Details
-
Bug
-
Status: Resolved
-
Major
-
Resolution: Fixed
-
1.1.11
-
None
-
None
-
Reviewed
Description
Today, one of our server aborted due to the following log.
2017-06-06 05:38:47,142 ERROR [regionserver/xxxx.logRoller] regionserver.LogRoller: Log rolling failed java.util.NoSuchElementException at java.util.concurrent.ConcurrentSkipListMap$Iter.advance(ConcurrentSkipListMap.java:2224) at java.util.concurrent.ConcurrentSkipListMap$ValueIterator.next(ConcurrentSkipListMap.java:2253) at java.util.Collections.min(Collections.java:628) at org.apache.hadoop.hbase.regionserver.wal.FSHLog.findEligibleMemstoresToFlush(FSHLog.java:861) at org.apache.hadoop.hbase.regionserver.wal.FSHLog.findRegionsToForceFlush(FSHLog.java:886) at org.apache.hadoop.hbase.regionserver.wal.FSHLog.rollWriter(FSHLog.java:728) at org.apache.hadoop.hbase.regionserver.LogRoller.run(LogRoller.java:137) at java.lang.Thread.run(Thread.java:756) 2017-06-06 05:38:47,142 FATAL [regionserver/xxxx.logRoller] regionserver.HRegionServer: ABORTING region server xxxx: Log rolling failed java.util.NoSuchElementException ......
The code is here:
private byte[][] findEligibleMemstoresToFlush(Map<byte[], Long> regionsSequenceNums) { List<byte[]> regionsToFlush = null; // Keeping the old behavior of iterating unflushedSeqNums under oldestSeqNumsLock. synchronized (regionSequenceIdLock) { for (Map.Entry<byte[], Long> e: regionsSequenceNums.entrySet()) { ConcurrentMap<byte[], Long> m = this.oldestUnflushedStoreSequenceIds.get(e.getKey()); if (m == null) { continue; } long unFlushedVal = Collections.min(m.values()); //The exception is thrown here ......

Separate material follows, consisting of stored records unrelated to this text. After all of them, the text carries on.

(* Let $T>0$ and $\epsilon>0$, and let $\mathcal{R}$ consist of $M$ independently generated random RR sets. For any node $u$ with $I_u\ge T$, with probability at least $1-\exp\!\left(-\frac{M\epsilon^2 n}{8T}\right)$ we have $n\,\mathcal{F_R}(u)\ge T-\frac{\epsilon n}{2}$.
   Context: $G=\langle V,E,w\rangle$ is a network with $n=|V|$ under the Linear Threshold or Independent Cascade model (given by its live-edge distribution: LT — each node $v$ independently selects at most one incoming live edge, $(u,v)$ with probability $w_{uv}/W_v$ where $W_v=w_v+\sum_{u}w_{uv}$ includes a self-weight $w_v$; IC — each edge $(u,v)$ is live independently with probability $w_{uv}$). The influence spread $I(S)$ is the expected number of nodes reachable from $S$ via live edges, and $I_u=I(\{u\})$. A random RR set is the set of nodes that can reach a uniformly random node $v\in V$ via live edges in a freshly sampled live-edge graph. $\mathcal{F_R}(u)$ is the fraction of RR sets in $\mathcal{R}$ that contain $u$. *)

theory Defs
  imports "HOL-Probability.Probability"
begin

text \<open>Network: finite node set V, edge set E \<subseteq> V \<times> V, edge weights w (w u v = w_uv),
  self-weights ws (ws v = w_v, used by LT only). Live-edge graphs are edge sets.\<close>

definition reach :: "'a set \<Rightarrow> ('a \<times> 'a) set \<Rightarrow> 'a set \<Rightarrow> 'a set" where
  "reach V L S = {v \<in> V. \<exists>u\<in>S. (u, v) \<in> L\<^sup>*}"

definition IC_dist :: "('a \<times> 'a) set \<Rightarrow> ('a \<Rightarrow> 'a \<Rightarrow> real) \<Rightarrow> ('a \<times> 'a) set pmf" where
  "IC_dist E w = map_pmf (\<lambda>f. {e \<in> E. f e})
      (Pi_pmf E False (\<lambda>(u, v). bernoulli_pmf (w u v)))"

definition LT_W :: "('a \<times> 'a) set \<Rightarrow> ('a \<Rightarrow> 'a \<Rightarrow> real) \<Rightarrow> ('a \<Rightarrow> real) \<Rightarrow> 'a \<Rightarrow> real" where
  "LT_W E w ws v = ws v + (\<Sum>u\<in>{u. (u, v) \<in> E}. w u v)"

text \<open>Choice of node v: Some u (incoming live edge (u,v)) w.p. w_uv / W_v, None w.p. w_v / W_v.\<close>
definition LT_choice :: "('a \<times> 'a) set \<Rightarrow> ('a \<Rightarrow> 'a \<Rightarrow> real) \<Rightarrow> ('a \<Rightarrow> real) \<Rightarrow> 'a \<Rightarrow> 'a option pmf" where
  "LT_choice E w ws v = embed_pmf (\<lambda>c. case c of
      None \<Rightarrow> ws v / LT_W E w ws v
    | Some u \<Rightarrow> (if (u, v) \<in> E then w u v / LT_W E w ws v else 0))"

definition LT_dist :: "'a set \<Rightarrow> ('a \<times> 'a) set \<Rightarrow> ('a \<Rightarrow> 'a \<Rightarrow> real) \<Rightarrow> ('a \<Rightarrow> real) \<Rightarrow> ('a \<times> 'a) set pmf" where
  "LT_dist V E w ws = map_pmf (\<lambda>c. {(u, v). v \<in> V \<and> c v = Some u})
      (Pi_pmf V None (LT_choice E w ws))"

definition live_edge_model :: "'a set \<Rightarrow> ('a \<times> 'a) set \<Rightarrow> ('a \<Rightarrow> 'a \<Rightarrow> real) \<Rightarrow> ('a \<Rightarrow> real)
    \<Rightarrow> ('a \<times> 'a) set pmf \<Rightarrow> bool" where
  "live_edge_model V E w ws D \<longleftrightarrow>
     ((\<forall>(u, v)\<in>E. 0 \<le> w u v \<and> w u v \<le> 1) \<and> D = IC_dist E w) \<or>
     ((\<forall>(u, v)\<in>E. 0 \<le> w u v) \<and> (\<forall>v\<in>V. 0 \<le> ws v \<and> 0 < LT_W E w ws v) \<and> D = LT_dist V E w ws)"

definition influence :: "'a set \<Rightarrow> ('a \<times> 'a) set pmf \<Rightarrow> 'a set \<Rightarrow> real" where
  "influence V D S = measure_pmf.expectation D (\<lambda>L. real (card (reach V L S)))"

definition RR_dist :: "'a set \<Rightarrow> ('a \<times> 'a) set pmf \<Rightarrow> 'a set pmf" where
  "RR_dist V D = do { v \<leftarrow> pmf_of_set V; L \<leftarrow> D; return_pmf {u \<in> V. (u, v) \<in> L\<^sup>*} }"

definition RR_collection :: "nat \<Rightarrow> 'a set \<Rightarrow> ('a \<times> 'a) set pmf \<Rightarrow> (nat \<Rightarrow> 'a set) pmf" where
  "RR_collection M V D = Pi_pmf {..<M} {} (\<lambda>_. RR_dist V D)"

definition frac_cover :: "nat \<Rightarrow> (nat \<Rightarrow> 'a set) \<Rightarrow> 'a \<Rightarrow> real" where
  "frac_cover M R u = real (card {i \<in> {..<M}. u \<in> R i}) / real M"

end

theory Submission imports Defs begin

text \<open>
  A random RR set contains \<open>u\<close> exactly when \<open>u\<close> reaches the uniformly chosen target in the
  live-edge graph, so \<open>u\<close> lies in it with probability \<open>I\<^sub>u / n \<ge> T / n\<close>. Hence
  \<open>M \<cdot> \<F>\<^sub>\<R>(u)\<close> counts successes in \<open>M\<close> independent trials with success probability at
  least \<open>q = T / n\<close>, and the multiplicative Chernoff lower tail bounds the probability of
  falling below \<open>M (q - \<epsilon>/2)\<close> by \<open>exp (- M (\<epsilon>/2)\<^sup>2 / (2 q)) = exp (- M \<epsilon>\<^sup>2 n / (8 T))\<close>.
\<close>

lemma measure_pmf_prob_bind:
  "measure_pmf.prob (bind_pmf M N) X = measure_pmf.expectation M (\<lambda>x. measure_pmf.prob (N x) X)"
proof -
  have "emeasure (bind_pmf M N) X = (\<integral>\<^sup>+x. emeasure (N x) X \<partial>M)"
    by (rule emeasure_bind_pmf)
  also have "\<dots> = (\<integral>\<^sup>+x. ennreal (measure_pmf.prob (N x) X) \<partial>M)"
    by (simp add: measure_pmf.emeasure_eq_measure)
  also have "\<dots> = ennreal (measure_pmf.expectation M (\<lambda>x. measure_pmf.prob (N x) X))"
    by (rule nn_integral_eq_integral) (auto intro!: measure_pmf.integrable_const_bound[where B=1])
  finally show ?thesis
    by (simp add: measure_pmf.emeasure_eq_measure ennreal_inj integral_nonneg)
qed

lemma prob_mem_RR_dist:
  assumes "finite V" "V \<noteq> {}" "u \<in> V"
  shows "measure_pmf.prob (RR_dist V D) {S. u \<in> S} = influence V D {u} / real (card V)"
proof -
  have reach_target: "measure_pmf.prob (D \<bind> (\<lambda>L. return_pmf {u \<in> V. (u, v) \<in> L\<^sup>*})) {S. u \<in> S}
      = measure_pmf.prob D {L. (u, v) \<in> L\<^sup>*}" for v
  proof -
    have "measure_pmf.prob (D \<bind> (\<lambda>L. return_pmf {u \<in> V. (u, v) \<in> L\<^sup>*})) {S. u \<in> S}
        = measure_pmf.expectation D (\<lambda>L. indicator {L. (u, v) \<in> L\<^sup>*} L)"
      using assms(3) by (simp only: measure_pmf_prob_bind) (simp add: indicator_def)
    then show ?thesis by simp
  qed
  have "measure_pmf.prob (RR_dist V D) {S. u \<in> S}
      = (\<Sum>v\<in>V. measure_pmf.prob D {L. (u, v) \<in> L\<^sup>*}) / real (card V)"
    unfolding RR_dist_def using assms
    by (subst measure_pmf_prob_bind, simp only: reach_target) (simp add: integral_pmf_of_set)
  also have "(\<Sum>v\<in>V. measure_pmf.prob D {L. (u, v) \<in> L\<^sup>*})
      = measure_pmf.expectation D (\<lambda>L. \<Sum>v\<in>V. indicator {L. (u, v) \<in> L\<^sup>*} L)"
    by (simp add: Bochner_Integration.integral_sum measure_pmf.integrable_const_bound[where B=1])
  also have "(\<lambda>L. \<Sum>v\<in>V. indicator {L. (u, v) \<in> L\<^sup>*} L :: real) = (\<lambda>L. real (card (reach V L {u})))"
    using assms(1) by (auto simp: reach_def indicator_def sum.If_cases Int_def intro!: ext)
  finally show ?thesis by (simp add: influence_def)
qed

lemma expectation_exp_neg_indicator:
  fixes Q :: "'b pmf"
  shows "measure_pmf.expectation Q (\<lambda>x. exp (- l * indicator A x))
       = 1 + (exp (- l) - 1) * measure_pmf.prob Q A"
proof -
  have "(\<lambda>x. exp (- l * indicator A x)) = (\<lambda>x. 1 + (exp (- l) - 1) * indicator A x)"
    by (auto simp: indicator_def)
  moreover have "measure_pmf.expectation Q (\<lambda>x. 1 + (exp (- l) - 1) * indicator A x)
      = 1 + measure_pmf.expectation Q (\<lambda>x. (exp (- l) - 1) * indicator A x)"
    by (subst Bochner_Integration.integral_add)
       (auto intro!: measure_pmf.integrable_const_bound[where B=1] simp: indicator_def)
  ultimately show ?thesis by simp
qed

text \<open>Markov's inequality for \<open>exp (- l X)\<close>, whose expectation factorises over the
  independent coordinates.\<close>

lemma prob_count_less_Pi_pmf_mgf:
  fixes Q :: "'b pmf" and l c :: real
  assumes "l \<ge> 0"
  shows "measure_pmf.prob (Pi_pmf {..<M} d (\<lambda>_. Q)) {R. real (card {i\<in>{..<M}. R i \<in> A}) < c}
       \<le> exp (l * c) * (1 + (exp (- l) - 1) * measure_pmf.prob Q A) ^ M"
proof -
  let ?P = "Pi_pmf {..<M} d (\<lambda>_. Q)"
  let ?X = "\<lambda>R. real (card {i\<in>{..<M}. R i \<in> A})"
  let ?g = "\<lambda>x. exp (- l * indicator A x) :: real"
  have exp_count: "exp (- l * ?X R) = (\<Prod>i<M. ?g (R i))" for R
  proof -
    have "?X R = (\<Sum>i<M. indicator A (R i))"
      by (simp add: indicator_def sum.If_cases Int_def)
    then show ?thesis by (simp add: sum_distrib_left exp_sum)
  qed
  have g_bounded: "integrable (measure_pmf Q) ?g"
    using assms by (auto intro!: measure_pmf.integrable_const_bound[where B=1] simp: indicator_def)
  have markov: "indicator {R. ?X R < c} R \<le> exp (l * c) * (\<Prod>i<M. ?g (R i))" for R
  proof (cases "?X R < c")
    case True
    then have "l * ?X R \<le> l * c" using assms by (intro mult_left_mono) auto
    then have "1 \<le> exp (l * c) * exp (- l * ?X R)"
      by (simp flip: exp_add)
    with True show ?thesis unfolding exp_count by simp
  qed (simp add: prod_nonneg)
  have "measure_pmf.prob ?P {R. ?X R < c} = measure_pmf.expectation ?P (indicator {R. ?X R < c})"
    by simp
  also have "\<dots> \<le> measure_pmf.expectation ?P (\<lambda>R. exp (l * c) * (\<Prod>i<M. ?g (R i)))"
    using g_bounded markov
    by (intro integral_mono integrable_mult_right integrable_prod_Pi_pmf)
       (auto intro!: measure_pmf.integrable_const_bound[where B=1])
  also have "\<dots> = exp (l * c) * (\<Prod>i<M. measure_pmf.expectation Q ?g)"
    by (subst integral_mult_right_zero, subst expectation_prod_Pi_pmf) (use g_bounded in auto)
  also have "measure_pmf.expectation Q ?g = 1 + (exp (- l) - 1) * measure_pmf.prob Q A"
    by (rule expectation_exp_neg_indicator)
  finally show ?thesis by simp
qed

lemma one_plus_power_le_exp:
  fixes x :: real
  assumes "x \<ge> -1"
  shows "(1 + x) ^ n \<le> exp (real n * x)"
proof -
  have "(1 + x) ^ n \<le> exp x ^ n"
    using assms by (intro power_mono exp_ge_add_one_self) auto
  then show ?thesis by (simp add: exp_of_nat_mult)
qed

lemma exp_neg_le_quadratic:
  fixes l :: real
  assumes "l \<ge> 0"
  shows "exp (- l) \<le> 1 - l + l\<^sup>2 / 2"
proof -
  obtain t where "exp (- l) = (\<Sum>m<3. (- l) ^ m / fact m) + exp t / fact 3 * (- l) ^ 3"
    using Maclaurin_exp_le[of "- l" 3] by blast
  moreover have "(\<Sum>m<3. (- l) ^ m / fact m) = 1 - l + l\<^sup>2 / 2"
    by (simp add: eval_nat_numeral)
  moreover have "exp t / fact 3 * (- l) ^ 3 \<le> 0"
    using assms by (intro mult_nonneg_nonpos) (auto simp: power_odd_eq)
  ultimately show ?thesis by linarith
qed

text \<open>Multiplicative Chernoff lower tail, relative to a lower bound \<open>q\<close> of the success
  probability; the exponent \<open>l = \<delta> / q\<close> is the optimal one for \<open>p = q\<close>.\<close>

lemma prob_count_less_Pi_pmf_chernoff:
  fixes Q :: "'b pmf" and q \<delta> :: real
  assumes "0 < q" "q \<le> measure_pmf.prob Q A" "0 \<le> \<delta>"
  shows "measure_pmf.prob (Pi_pmf {..<M} d (\<lambda>_. Q))
           {R. real (card {i\<in>{..<M}. R i \<in> A}) < real M * (q - \<delta>)}
       \<le> exp (- (real M * \<delta>\<^sup>2 / (2 * q)))"
proof (cases "\<delta> < q")
  case False
  then have "real M * (q - \<delta>) \<le> 0"
    by (simp add: mult_nonneg_nonpos)
  then have "{R. real (card {i\<in>{..<M}. R i \<in> A}) < real M * (q - \<delta>)} = {}"
    by auto
  then show ?thesis by simp
next
  case True
  define p where "p = measure_pmf.prob Q A"
  define l where "l = \<delta> / q"
  have l: "0 \<le> l" "l \<le> 1" using assms True by (auto simp: l_def)
  have "-1 \<le> (exp (- l) - 1) * p"
  proof -
    have "exp (- l) - 1 \<le> (exp (- l) - 1) * p"
      using mult_left_mono_neg[of p 1 "exp (- l) - 1"] l by (auto simp: p_def)
    then show ?thesis by (smt (verit) exp_gt_zero)
  qed
  then have power_le: "(1 + (exp (- l) - 1) * p) ^ M \<le> exp (real M * ((exp (- l) - 1) * p))"
    by (rule one_plus_power_le_exp)
  have "(exp (- l) - 1) * p \<le> (- l + l\<^sup>2 / 2) * p"
    using exp_neg_le_quadratic[OF l(1)] by (intro mult_right_mono) (auto simp: p_def)
  also have "\<dots> \<le> (- l + l\<^sup>2 / 2) * q"
  proof (rule mult_left_mono_neg)
    have "l\<^sup>2 \<le> l" using l by (simp add: power2_eq_square mult_left_le)
    then show "- l + l\<^sup>2 / 2 \<le> 0" using l by simp
  qed (use assms(2) in \<open>simp add: p_def\<close>)
  finally have exponent_le: "(exp (- l) - 1) * p \<le> (- l + l\<^sup>2 / 2) * q" .
  have "measure_pmf.prob (Pi_pmf {..<M} d (\<lambda>_. Q))
           {R. real (card {i\<in>{..<M}. R i \<in> A}) < real M * (q - \<delta>)}
      \<le> exp (l * (real M * (q - \<delta>))) * (1 + (exp (- l) - 1) * p) ^ M"
    unfolding p_def by (rule prob_count_less_Pi_pmf_mgf[OF l(1)])
  also have "\<dots> \<le> exp (l * (real M * (q - \<delta>))) * exp (real M * ((exp (- l) - 1) * p))"
    using power_le by simp
  also have "\<dots> = exp (real M * (l * (q - \<delta>) + (exp (- l) - 1) * p))"
    by (simp flip: exp_add add: algebra_simps)
  also have "\<dots> \<le> exp (real M * (l * (q - \<delta>) + (- l + l\<^sup>2 / 2) * q))"
    using exponent_le by (simp add: mult_left_mono)
  also have "l * (q - \<delta>) + (- l + l\<^sup>2 / 2) * q = - (\<delta>\<^sup>2 / (2 * q))"
    using assms(1) by (simp add: l_def field_simps power2_eq_square)
  finally show ?thesis by simp
qed

theorem lemma5p1:
  fixes V :: "'a set" and E :: "('a \<times> 'a) set" and w :: "'a \<Rightarrow> 'a \<Rightarrow> real"
    and ws :: "'a \<Rightarrow> real" and D :: "('a \<times> 'a) set pmf"
    and M :: nat and T \<epsilon> :: real and u :: 'a
  assumes "finite V" and "V \<noteq> {}" and "E \<subseteq> V \<times> V"
    and "live_edge_model V E w ws D"
    and "T > 0" and "\<epsilon> > 0"
    and "u \<in> V" and "influence V D {u} \<ge> T"
  shows "measure_pmf.prob (RR_collection M V D)
           {R. real (card V) * frac_cover M R u \<ge> T - \<epsilon> * real (card V) / 2}
         \<ge> 1 - exp (- (real M * \<epsilon>^2 * real (card V)) / (8 * T))"
proof (cases "M = 0")
  case False
  define n where "n = real (card V)"
  define q where "q = T / n"
  define B where "B = {R. real (card {i\<in>{..<M}. R i \<in> {S. u \<in> S}}) < real M * (q - \<epsilon> / 2)}"
  have n: "0 < n" using assms(1,2) by (simp add: n_def card_gt_0_iff)
  have q: "0 < q" "q \<le> measure_pmf.prob (RR_dist V D) {S. u \<in> S}"
    using n assms(5,8) prob_mem_RR_dist[OF assms(1,2,7)] by (auto simp: q_def n_def divide_right_mono)
  have "{R. n * frac_cover M R u \<ge> T - \<epsilon> * n / 2} = UNIV - B"
    using False n by (auto simp: B_def q_def frac_cover_def field_simps)
  then have "measure_pmf.prob (RR_collection M V D) {R. n * frac_cover M R u \<ge> T - \<epsilon> * n / 2}
      = 1 - measure_pmf.prob (RR_collection M V D) B"
    using measure_pmf.prob_compl[of B "RR_collection M V D"] by simp
  moreover have "measure_pmf.prob (RR_collection M V D) B \<le> exp (- (real M * (\<epsilon> / 2)\<^sup>2 / (2 * q)))"
    unfolding B_def RR_collection_def using q assms(6)
    by (intro prob_count_less_Pi_pmf_chernoff) auto
  moreover have "real M * (\<epsilon> / 2)\<^sup>2 / (2 * q) = real M * \<epsilon>\<^sup>2 * n / (8 * T)"
    using n assms(5) by (simp add: q_def field_simps power2_eq_square)
  ultimately show ?thesis by (simp add: n_def)
qed simp

end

The map 'm' is empty is the only reason I can think of why NoSuchElementException is thrown. I then looked up all code related to the update of 'oldestUnflushedStoreSequenceIds'. All update to 'oldestUnflushedStoreSequenceIds' is guarded by the synchronization of 'regionSequenceIdLock' except here:
private ConcurrentMap<byte[], Long> getOrCreateOldestUnflushedStoreSequenceIdsOfRegion( byte[] encodedRegionName) { ...... oldestUnflushedStoreSequenceIdsOfRegion = new ConcurrentSkipListMap<byte[], Long>(Bytes.BYTES_COMPARATOR); ConcurrentMap<byte[], Long> alreadyPut = oldestUnflushedStoreSequenceIds.putIfAbsent(encodedRegionName, oldestUnflushedStoreSequenceIdsOfRegion); // Here, a empty map may put to 'oldestUnflushedStoreSequenceIds' with no synchronization return alreadyPut == null ? oldestUnflushedStoreSequenceIdsOfRegion : alreadyPut; }
It should be a very rare bug. But it can lead to server abort. It only exists in branch-1.1.